- Born: August 20, 1998 (age 27) Charlottetown, Prince Edward Island, Canada

Team
- Curling club: Crapaud Community Curling Club, Crapaud, PEI
- Skip: Tyler Smith
- Third: Adam Cocks
- Second: Chris Gallant
- Lead: Ed White

Curling career
- Member Association: Prince Edward Island
- Brier appearances: 6 (2021, 2022, 2023, 2024, 2025, 2026)

= Tyler Smith (curler) =

Canadian curler (born 1998)

Tyler Smith (born August 20, 1998) is a Canadian curler from Hunter River, Prince Edward Island. He currently plays skip for his own team.

==Career==
At the age of 11, Smith got the opportunity to compete as a skip at the 2011 Canada Winter Games. Smith then also got the opportunity to compete in the 2015 Canada Winter Games, representing PEI as the skip.

Smith made his debut at the Brier, the Canadian men's national championship, in 2021. He got the opportunity to play as the third for PEI-veteran Eddie MacKenzie. They finished the Brier with a record of 1–7, only beating Peter Mackey of Nunavut.

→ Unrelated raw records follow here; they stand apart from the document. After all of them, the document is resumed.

lemma mutant_edge_excess_top_start_le:
  assumes "S \<subseteq> MV"
  shows "moran.mutant_edge_excess (\<lambda>w. top_start_weight (fst w)) S v w
       \<le> (if v \<in> S \<and> w \<in> S \<and> fst w = k then 4 ^ (k+1) else 0)"
proof (cases "v \<in> S \<and> w \<in> S")
  case True
  let ?c = "top_start_weight (fst w)"
  have "?c - 2 * (1 - 1 / (1 + ?c)) \<le> (if fst w = k then 4 ^ (k+1) else 0)"
  proof (cases "fst w = k")
    case True
    have "1 / (1 + ?c) \<le> 1" using top_start_weight_nonneg[of "fst w"] by simp
    then show ?thesis using True by (simp add: top_start_weight_def)
  next
    case False
    moreover have "fst w \<le> k" using fst_le_k assms True by blast
    ultimately have c: "0 \<le> ?c" "?c \<le> 1"
      using top_start_weight_nonneg top_start_weight_le_1 by simp_all
    have "?c - 2 * (1 - 1 / (1 + ?c)) = ?c * (?c - 1) / (1 + ?c)"
      using c by (simp add: field_simps)
    also have "\<dots> \<le> 0" using c by (intro divide_nonpos_pos mult_nonneg_nonpos) auto
    finally show ?thesis using False by simp
  qed
  then show ?thesis using True by (simp add: moran.mutant_edge_excess_def)
qed (auto simp: moran.mutant_edge_excess_def)

lemma sum_mutant_edge_excess_top_start_le:
  assumes S: "S \<subseteq> MV" and v: "v \<in> MV"
    and unique: "\<And>a b. a \<in> S \<Longrightarrow> b \<in> S \<Longrightarrow> fst a = k \<Longrightarrow> fst b = k \<Longrightarrow> a = b"
  shows "(\<Sum>w\<in>out_nbrs ME v. moran.mutant_edge_excess (\<lambda>w. top_start_weight (fst w)) S v w)
       \<le> (if v = (0,0,0) then (if (0,0,0) \<in> S then 4 ^ (k+1) else 0) else 0)"
proof -
  let ?T = "{w \<in> out_nbrs ME v. v \<in> S \<and> w \<in> S \<and> fst w = k}"
  have "(\<Sum>w\<in>out_nbrs ME v. moran.mutant_edge_excess (\<lambda>w. top_start_weight (fst w)) S v w)
      \<le> (\<Sum>w\<in>out_nbrs ME v. if v \<in> S \<and> w \<in> S \<and> fst w = k then 4 ^ (k+1) else 0)"
    by (intro sum_mono mutant_edge_excess_top_start_le[OF S])
  also have "\<dots> = 4 ^ (k+1) * real (card ?T)"
    using moran.finite_out_nbrs by (simp add: sum.If_cases Int_def conj_commute)
  also have "\<dots> \<le> (if v = (0,0,0) then (if (0,0,0) \<in> S then 4 ^ (k+1) else 0) else 0)"
  proof (cases "v = (0,0,0)")
    case True
    show ?thesis
    proof (cases "v \<in> S")
      case True
      have "\<forall>a\<in>?T. \<forall>b\<in>?T. a = b" using unique by blast
      then have "real (card ?T) \<le> 1"
        using card_le_Suc0_iff_eq[of ?T] moran.finite_out_nbrs by simp
      then show ?thesis using \<open>v = (0,0,0)\<close> True by simp
    qed (use True in simp)
  next
    case False
    then have "fst v \<noteq> 0" using v by (auto elim: MV_cases)
    then have "fst w \<noteq> k" if "w \<in> out_nbrs ME v" for w
      using fst_out_nbr[OF v that] fst_le_k[OF v] by (simp add: next_layer_def)
    then have T: "?T = {}" by blast
    show ?thesis using False by (simp add: T)
  qed
  finally show ?thesis .
qed

lemma mutant_edge_loss_top_start_le:
  assumes S: "S \<subseteq> MV"
    and unique: "\<And>a b. a \<in> S \<Longrightarrow> b \<in> S \<Longrightarrow> fst a = k \<Longrightarrow> fst b = k \<Longrightarrow> a = b"
  shows "moran.mutant_edge_loss (\<lambda>w. top_start_weight (fst w)) S \<le> (if (0,0,0) \<in> S then 2 else 0)"
proof -
  let ?B = "if (0,0,0) \<in> S then 4 ^ (k+1) else 0 :: real"
  have "moran.mutant_edge_loss (\<lambda>w. top_start_weight (fst w)) S
      \<le> (\<Sum>v\<in>MV. (if v = (0,0,0) then ?B else 0) / real (card (out_nbrs ME v)))"
    unfolding moran.mutant_edge_loss_def
    by (intro sum_mono divide_right_mono sum_mutant_edge_excess_top_start_le[OF S _ unique]) simp_all
  also have "\<dots> = (\<Sum>v\<in>MV. if v = (0,0,0) then ?B / real (card (out_nbrs ME v)) else 0)"
    by (intro sum.cong) auto
  also have "\<dots> = (if (0,0,0) \<in> S then 4 ^ (k+1) / (real l * real m ^ k) else 0)"
    using apex_in_MV card_out_nbrs[OF apex_in_MV] by (simp add: sum.delta[OF finite_MV])
  also have "\<dots> \<le> (if (0,0,0) \<in> S then 2 else 0)"
    using top_layer_large l_pos m_pos by (simp add: divide_le_eq mult.assoc)
  finally show ?thesis .
qed

lemma potential_drift_top_start_pos:
  assumes S: "S \<subseteq> MV" "S \<noteq> {}"
    and pot: "prod_potential (\<lambda>w. top_start_weight (fst w)) S > 1 / (1 + 4 ^ (k+1)) / 2"
  shows "moran.potential_drift (\<lambda>w. top_start_weight (fst w)) S > 0"
proof -
  let ?c = "\<lambda>w. top_start_weight (fst w)"
  have finS: "finite S" using S finite_MV finite_subset by blast
  have loss: "moran.mutant_edge_loss ?c S \<le> (if (0,0,0) \<in> S then 2 else 0)"
    using prod_potential_top_start_unique[OF S(1) pot]
    by (intro mutant_edge_loss_top_start_le[OF S(1)]) blast
  have "(\<Sum>w\<in>S. ?c w * moran.in_weight w - 2 * moran.out_discount ?c w) = (\<Sum>w\<in>S. top_start_slack w)"
    using S(1) by (intro sum.cong refl) (auto simp: top_start_slack_def out_discount_layer_weights)
  moreover have slack_pos: "\<forall>w\<in>S. top_start_slack w > 0" using top_start_slack_pos S(1) by auto
  moreover have "(\<Sum>w\<in>S. top_start_slack w) > (if (0,0,0) \<in> S then 2 else 0)"
  proof (cases "(0,0,0) \<in> S")
    case True
    then have "top_start_slack (0,0,0) \<le> (\<Sum>w\<in>S. top_start_slack w)"
      using slack_pos finS by (intro member_le_sum) auto
    then show ?thesis using top_start_slack_apex True by simp
  qed (use slack_pos finS S(2) in \<open>simp add: sum_pos\<close>)
  ultimately show ?thesis using moran.potential_drift_ge[OF S(1), of ?c] loss by simp
qed

lemma extinction_prob_top_start:
  assumes "v \<in> MV" "fst v = k"
  shows "extinction_prob MV ME 2 {v} \<ge> 1 / (1 + 4 ^ (k+1)) / 2"
proof -
  have "extinction_prob MV ME 2 {v}
      \<ge> prod_potential (\<lambda>w. top_start_weight (fst w)) {v} - 1 / (1 + 4 ^ (k+1)) / 2"
  proof (rule moran.extinction_prob_ge_prod_potential)
    show "\<forall>x\<in>MV. 0 \<le> top_start_weight (fst x)" using top_start_weight_nonneg by blast
    show "\<forall>v\<in>MV. out_nbrs ME v \<noteq> {}" using out_nbrs_nonempty by blast
  qed (use assms(1) potential_drift_top_start_pos in simp_all)
  moreover have "prod_potential (\<lambda>w. top_start_weight (fst w)) {v} = 1 / (1 + 4 ^ (k+1))"
    using assms by (simp add: prod_potential_def top_start_weight_def)
  ultimately show ?thesis by (metis field_sum_of_halves add_diff_cancel_right')
qed

end

end

section \<open>Averaging over the initial mutant\<close>

lemma pow_add_less_pow:
  fixes m :: nat
  assumes "2 \<le> m" "i < i'" "x < m ^ i"
  shows "m ^ i + x < m ^ i'"
proof -
  have "m ^ i + x < 2 * m ^ i" using assms by simp
  also have "\<dots> \<le> m * m ^ i" using assms by simp
  also have "\<dots> = m ^ Suc i" by simp
  also have "\<dots> \<le> m ^ i'" using assms by (intro power_increasing) auto
  finally show ?thesis .
qed

lemma pow_add_eq_pow_add_iff:
  fixes m :: nat
  assumes "2 \<le> m" "x < m ^ i" "x' < m ^ i'"
  shows "m ^ i + x = m ^ i' + x' \<longleftrightarrow> i = i' \<and> x = x'"
  using pow_add_less_pow[OF assms(1) _ assms(2), of i'] pow_add_less_pow[OF assms(1) _ assms(3), of i]
  by (cases i i' rule: linorder_cases) auto

lemma mean_ge_of_fraction:
  fixes S n t q c :: real
  assumes "0 < t" "0 < n" "n \<le> c * t" "t * q \<le> S" "0 \<le> q"
  shows "q / c \<le> S / n"
proof -
  have c: "0 < c" using assms zero_less_mult_pos2[of c t] by linarith
  have "q / c = t * q / (c * t)" using assms(1) by simp
  also have "\<dots> \<le> t * q / n" using assms by (intro divide_left_mono) auto
  also have "\<dots> \<le> S / n" using assms by (intro divide_right_mono) auto
  finally show ?thesis .
qed

context metafunnel_params
begin

abbreviation "top_layer \<equiv> {w \<in> MV. fst w = k}"
abbreviation "below_top \<equiv> {w \<in> MV. fst w \<noteq> k}"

Smith made his debut as a skip at the Brier in 2022 through an automatic berth due to the tournament getting cancelled over the COVID-19 pandemic. In the tournament that year, Smith once again finished with a record of 1–7. This year he only beat Nathan Young of Newfoundland and Labrador. In 2023, Smith returned to the PEI Men's Curling Championship. He got through the 2023 PEI Tankard easily, by making the Darren Higgins rink forfeit in the finals. At the Brier that year, he finished with an improved 2–6 record. In 2024, Smith won all three events in the 2024 PEI Tankard and qualified for the Brier once again. They started off with a 4–1 record, and finished with an 5–3 record and barely missed out on the playoffs. Smith won his 4th consecutive provincial title at the 2025 PEI Men's Curling Championship, and Team Smith once again represented PEI at the 2025 Montana's Brier, where they would finish the round robin with a record of 1–7.

==Personal life==
Smith owns and operates Smith's Excavating in Hunter River.